[Dataset entries]
- Opening Delimiter -

lemma invertible_varXW_normalized:
  assumes "s \<bullet> s < 1"
  shows "invertible (varXW 1 (s::real^'d) (mat 1))"
proof -
  have "x = 0" if kernel: "varXW 1 s (mat 1) *v x = 0" for x
  proof -
    have Some_eq: "x $ Some j = - s $ j * x $ None" for j
      using arg_cong[OF kernel, of "\<lambda>v. v $ Some j"] by (simp add: varXW_normalized_mult_Some)
    have "x $ None + (\<Sum>j\<in>UNIV. s $ j * x $ Some j) = 0"
      using arg_cong[OF kernel, of "\<lambda>v. v $ None"] by (simp add: varXW_normalized_mult_None)
    then have "x $ None * (1 - s \<bullet> s) = 0"
      by (simp add: Some_eq inner_vec_def sum_distrib_left algebra_simps sum_negf)
    then have "x $ None = 0" using assms by simp
    then show "x = 0"
      unfolding vec_eq_iff by (metis Some_eq mult_zero_right not_Some_eq zero_index)
  qed
  then show ?thesis
    using invertible_left_inverse matrix_left_invertible_ker by blast
qed

lemma varXW_normalized_inv_covXWY:
  fixes s t :: "real^'d" and cYX :: real
  assumes "s \<bullet> s < 1"
  defines "\<beta> \<equiv> (cYX - t \<bullet> s) / (1 - s \<bullet> s)"
  shows "matrix_inv (varXW 1 s (mat 1)) *v covXWY cYX t =
     (\<chi> i. case i of None \<Rightarrow> \<beta> | Some j \<Rightarrow> t $ j - s $ j * \<beta>)"
proof (rule matrix_inv_mult_vector_eq[OF invertible_varXW_normalized[OF assms(1)]])
  have "\<beta> + (\<Sum>j\<in>UNIV. s $ j * (t $ j - s $ j * \<beta>)) = \<beta> * (1 - s \<bullet> s) + t \<bullet> s"
    by (simp add: inner_vec_def algebra_simps sum_subtractf sum_distrib_left)
  also have "\<dots> = cYX"
    using assms(1) by (simp add: \<beta>_def)
  finally show "varXW 1 s (mat 1) *v (\<chi> i. case i of None \<Rightarrow> \<beta> | Some j \<Rightarrow> t $ j - s $ j * \<beta>) =
      covXWY cYX t"
    unfolding vec_eq_iff
    by (auto simp: varXW_normalized_mult_None varXW_normalized_mult_Some covXWY_def split: option.split)
qed

lemma beta_med_normalized:
  assumes "s \<bullet> s < 1"
  shows "beta_med 1 cYX t s (mat 1) = (cYX - t \<bullet> s) / (1 - s \<bullet> s)"
  unfolding beta_med_def varXW_normalized_inv_covXWY[OF assms] by simp

lemma varY_perp_XW_normalized:
  assumes "s \<bullet> s < 1"
  shows "varY_perp_XW vY 1 cYX t s (mat 1) = vY - t \<bullet> t - (cYX - t \<bullet> s)^2 / (1 - s \<bullet> s)"
proof -
  define \<beta> where "\<beta> = (cYX - t \<bullet> s) / (1 - s \<bullet> s)"
  have "covXWY cYX t \<bullet> (matrix_inv (varXW 1 s (mat 1)) *v covXWY cYX t)
      = cYX * \<beta> + t \<bullet> t - (t \<bullet> s) * \<beta>"
    unfolding varXW_normalized_inv_covXWY[OF assms] \<beta>_def[symmetric]
    by (simp add: inner_vec_option covXWY_def inner_vec_def algebra_simps sum_subtractf
        sum_distrib_left)
  also have "\<dots> = t \<bullet> t + (cYX - t \<bullet> s) * \<beta>"
    by (simp add: algebra_simps)
  also have "\<dots> = t \<bullet> t + (cYX - t \<bullet> s)^2 / (1 - s \<bullet> s)"
    by (simp add: \<beta>_def power2_eq_square)
  finally show ?thesis
    unfolding varY_perp_XW_def by simp
qed

lemma k0_normalized: "k0 1 s (mat 1) = 1 - s \<bullet> s"
  by (simp add: k0_def matrix_inv_mat_1)

lemma k1_normalized: "k1 cYX t s (mat 1) = cYX - t \<bullet> s"
  by (simp add: k1_def matrix_inv_mat_1)

lemma joint_var_posdef_normalized_covXW_less:
  assumes "joint_var_posdef vY 1 cYX t s (mat 1)"
  shows "s \<bullet> s < 1"
proof -
  have "(0::real) < 0^2 * vY + 1^2 * 1 + (- s) \<bullet> (mat 1 *v (- s)) + 2*0*1*cYX
      + 2*0*(t \<bullet> (- s)) + 2*1*(s \<bullet> (- s))"
    using assms unfolding joint_var_posdef_def by (metis prod.inject zero_neq_one)
  then show ?thesis by simp
qed

lemma Bset_normalized_iff:
  fixes s t rX rY c :: "real^'d"
  shows "b \<in> Bset vY 1 cYX t s (mat 1) rX rY c \<longleftrightarrow> (\<exists>a e p g.
     a = rX \<bullet> p \<and> e = rY \<bullet> g \<and>
     cYX = b + (g \<bullet> p + a * (g \<bullet> c) + (c \<bullet> p) * e + a * e) \<and>
     g = (t - b *\<^sub>R s) - e *\<^sub>R c \<and> p = s - a *\<^sub>R c \<and>
     vY > b^2 + (g \<bullet> g + 2 * (c \<bullet> g) * e + e^2)
        + 2 * b * (g \<bullet> p + a * (g \<bullet> c) + (c \<bullet> p) * e + a * e) \<and>
     1 > p \<bullet> p + 2 * (c \<bullet> p) * a + a^2 \<and> 1 > c \<bullet> c)"
proof -
  have cross: "g \<bullet> ((mat 1 + outer c rX + outer rY c + outer rY rX) *v p) =
      g \<bullet> p + (rX \<bullet> p) * (g \<bullet> c) + (c \<bullet> p) * (rY \<bullet> g) + (rX \<bullet> p) * (rY \<bullet> g)" for g p :: "real^'d"
    by (simp add: matrix_vector_mult_add_rdistrib outer_mult_vector inner_add_right inner_commute)
  have quad_g: "g \<bullet> ((mat 1 + outer rY rY + 2 *\<^sub>R outer rY c) *v g) =
      g \<bullet> g + 2 * (c \<bullet> g) * (rY \<bullet> g) + (rY \<bullet> g)^2" for g :: "real^'d"
    by (simp add: matrix_vector_mult_add_rdistrib outer_mult_vector scaleR_matrix_vector_assoc[symmetric]
        inner_add_right inner_commute power2_eq_square)
  have quad_p: "p \<bullet> ((mat 1 + 2 *\<^sub>R outer rX c + outer rX rX) *v p) =
      p \<bullet> p + 2 * (c \<bullet> p) * (rX \<bullet> p) + (rX \<bullet> p)^2" for p :: "real^'d"
    by (simp add: matrix_vector_mult_add_rdistrib outer_mult_vector scaleR_matrix_vector_assoc[symmetric]
        inner_add_right inner_commute power2_eq_square)
  have covYW: "t = b *\<^sub>R s + (g v* (mat 1 + outer rY c)) \<longleftrightarrow> g = (t - b *\<^sub>R s) - (rY \<bullet> g) *\<^sub>R c"
    for g :: "real^'d"
    by (auto simp: vector_matrix_mult_add_rdistrib vector_mult_outer inner_commute algebra_simps)
  have covXW: "s = p v* (mat 1 + outer rX c) \<longleftrightarrow> p = s - (rX \<bullet> p) *\<^sub>R c" for p :: "real^'d"
    by (auto simp: vector_matrix_mult_add_rdistrib vector_mult_outer inner_commute algebra_simps)
  show ?thesis
    unfolding Bset_def mem_Collect_eq cross quad_g quad_p covYW covXW matrix_inv_mat_1
      mult_1_right matrix_vector_mul_lid by blast
qed

lemma inner_shift_square:
  fixes x c :: "'a::real_inner"
  shows "(x - a *\<^sub>R c) \<bullet> (x - a *\<^sub>R c) + 2 * (c \<bullet> (x - a *\<^sub>R c)) * a + a^2
    = x \<bullet> x + a^2 * (1 - c \<bullet> c)"
  by (simp add: inner_diff_left inner_diff_right inner_commute algebra_simps power2_eq_square)

lemma inner_shift_cross:
  fixes x y c :: "'a::real_inner"
  shows "(y - e *\<^sub>R c) \<bullet> (x - a *\<^sub>R c) + a * ((y - e *\<^sub>R c) \<bullet> c) + (c \<bullet> (x - a *\<^sub>R c)) * e + a * e
    = y \<bullet> x + a * e * (1 - c \<bullet> c)"
  by (simp add: inner_diff_left inner_diff_right inner_commute algebra_simps)

lemma Bset_conditions_shifted_iff:
  fixes s t c p g :: "'a::real_inner"
  assumes p: "p = s - a *\<^sub>R c" and g: "g = (t - b *\<^sub>R s) - e *\<^sub>R c"
  shows "cYX = b + (g \<bullet> p + a * (g \<bullet> c) + (c \<bullet> p) * e + a * e) \<and>
      vY > b^2 + (g \<bullet> g + 2 * (c \<bullet> g) * e + e^2)
        + 2 * b * (g \<bullet> p + a * (g \<bullet> c) + (c \<bullet> p) * e + a * e) \<and>
      1 > p \<bullet> p + 2 * (c \<bullet> p) * a + a^2 \<and> 1 > c \<bullet> c
    \<longleftrightarrow> cYX - t \<bullet> s - b * (1 - s \<bullet> s) = a * e * (1 - c \<bullet> c) \<and>
      e^2 * (1 - c \<bullet> c) < vY - b^2 - 2 * b * (cYX - b) - (t - b *\<^sub>R s) \<bullet> (t - b *\<^sub>R s) \<and>
      a^2 * (1 - c \<bullet> c) < 1 - s \<bullet> s \<and> c \<bullet> c < 1"
proof -
  define h M where "h = t - b *\<^sub>R s" and "M = g \<bullet> p + a * (g \<bullet> c) + (c \<bullet> p) * e + a * e"
  have "M = h \<bullet> s + a * e * (1 - c \<bullet> c)"
    unfolding M_def p g h_def[symmetric] by (rule inner_shift_cross)
  then have M_iff: "cYX = b + M \<longleftrightarrow> cYX - t \<bullet> s - b * (1 - s \<bullet> s) = a * e * (1 - c \<bullet> c)"
    by (auto simp: h_def inner_diff_left algebra_simps)
  have "g \<bullet> g + 2 * (c \<bullet> g) * e + e^2 = h \<bullet> h + e^2 * (1 - c \<bullet> c)"
    unfolding g h_def[symmetric] by (rule inner_shift_square)
  then have "vY > b^2 + (g \<bullet> g + 2 * (c \<bullet> g) * e + e^2) + 2 * b * M \<longleftrightarrow>
      e^2 * (1 - c \<bullet> c) < vY - b^2 - 2 * b * (cYX - b) - h \<bullet> h" if "cYX = b + M"
    using that by (simp, linarith)
  moreover have "p \<bullet> p + 2 * (c \<bullet> p) * a + a^2 = s \<bullet> s + a^2 * (1 - c \<bullet> c)"
    unfolding p by (rule inner_shift_square)
  ultimately show ?thesis
    using M_iff unfolding M_def[symmetric] h_def by auto
qed

lemma Bset_normalized_iff_scalars:
  fixes s t rX rY c :: "real^'d" and b :: real
  defines "h \<equiv> t - b *\<^sub>R s"
  shows "b \<in> Bset vY 1 cYX t s (mat 1) rX rY c \<longleftrightarrow> (\<exists>a e.
     a = rX \<bullet> (s - a *\<^sub>R c) \<and> e = rY \<bullet> (h - e *\<^sub>R c) \<and>
     cYX - t \<bullet> s - b * (1 - s \<bullet> s) = a * e * (1 - c \<bullet> c) \<and>
     e^2 * (1 - c \<bullet> c) < vY - b^2 - 2 * b * (cYX - b) - h \<bullet> h \<and>
     a^2 * (1 - c \<bullet> c) < 1 - s \<bullet> s \<and> c \<bullet> c < 1)"
  unfolding Bset_normalized_iff h_def by (simp add: Bset_conditions_shifted_iff[OF refl refl])

lemma scaled_inner_fixed_point_iff:
  fixes x r c :: "'a::real_inner"
  assumes "k \<noteq> 0"
  shows "k * a = r \<bullet> (k *\<^sub>R x - (k * a) *\<^sub>R c) \<longleftrightarrow> a = r \<bullet> (x - a *\<^sub>R c)"
proof -
  have "r \<bullet> (k *\<^sub>R x - (k * a) *\<^sub>R c) = k * (r \<bullet> (x - a *\<^sub>R c))"
    by (simp add: inner_diff_right algebra_simps)
  then show ?thesis
    using assms by simp
qed
lemma integral_periodic_shift:
  fixes h :: "real \<Rightarrow> real"
  assumes [measurable]: "h \<in> borel_measurable borel" and bounded: "\<And>t. \<bar>h t\<bar> \<le> B"
    and periodic: "\<And>t. h (t + 2 * pi) = h t" and "0 \<le> p" "p \<le> 2 * pi"
  shows "(\<integral>t. indicator {0..<2*pi} t * h (t + p) \<partial>lborel) = (\<integral>t. indicator {0..<2*pi} t * h t \<partial>lborel)"
proof -
  note integrable = integrable_indicator_times_bounded[OF assms(1) bounded]
  have shift: "(\<integral>t. f t \<partial>lborel) = (\<integral>t. f (c + t) \<partial>lborel)" for f :: "real \<Rightarrow> real" and c
    using lborel_integral_real_affine[where c=1 and t=c and f=f] by simp
  have split: "(\<integral>t. indicator {a..<c} t * h t \<partial>lborel) =
      (\<integral>t. indicator {a..<b} t * h t \<partial>lborel) + (\<integral>t. indicator {b..<c} t * h t \<partial>lborel)"
    if "a \<le> b" "b \<le> c" for a b c
    using that
    by (subst Bochner_Integration.integral_add[symmetric, OF integrable integrable])
       (auto intro!: Bochner_Integration.integral_cong simp: indicator_def)
  have "(\<integral>t. indicator {0..<2*pi} t * h (t + p) \<partial>lborel) = (\<integral>t. indicator {p..<p+2*pi} t * h t \<partial>lborel)"
    using shift[of "\<lambda>t. indicator {p..<p+2*pi} t * h t" p] by (simp add: indicator_def add.commute)
  also have "\<dots> = (\<integral>t. indicator {p..<2*pi} t * h t \<partial>lborel) + (\<integral>t. indicator {2*pi..<p+2*pi} t * h t \<partial>lborel)"
    using assms(4,5) by (intro split) auto
  also have "(\<integral>t. indicator {2*pi..<p+2*pi} t * h t \<partial>lborel) = (\<integral>t. indicator {0..<p} t * h t \<partial>lborel)"
    using shift[of "\<lambda>t. indicator {2*pi..<p+2*pi} t * h t" "2*pi"]
    by (simp add: indicator_def periodic[unfolded add.commute[of _ "2*pi"]])
  also have "(\<integral>t. indicator {p..<2*pi} t * h t \<partial>lborel) + \<dots> = (\<integral>t. indicator {0..<2*pi} t * h t \<partial>lborel)"
    using assms(4,5) split[of 0 p "2*pi"] by simp
  finally show ?thesis .
qed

- Closing Delimiter -

WORK INSTRUCTION — Return nothing but the lines from the top of the records above through the line that has "None + (\<Sum>j\<in>UNIV.". Keep each one exact.

ANSWER SECTION —
lemma invertible_varXW_normalized:
  assumes "s \<bullet> s < 1"
  shows "invertible (varXW 1 (s::real^'d) (mat 1))"
proof -
  have "x = 0" if kernel: "varXW 1 s (mat 1) *v x = 0" for x
  proof -
    have Some_eq: "x $ Some j = - s $ j * x $ None" for j
      using arg_cong[OF kernel, of "\<lambda>v. v $ Some j"] by (simp add: varXW_normalized_mult_Some)
    have "x $ None + (\<Sum>j\<in>UNIV. s $ j * x $ Some j) = 0"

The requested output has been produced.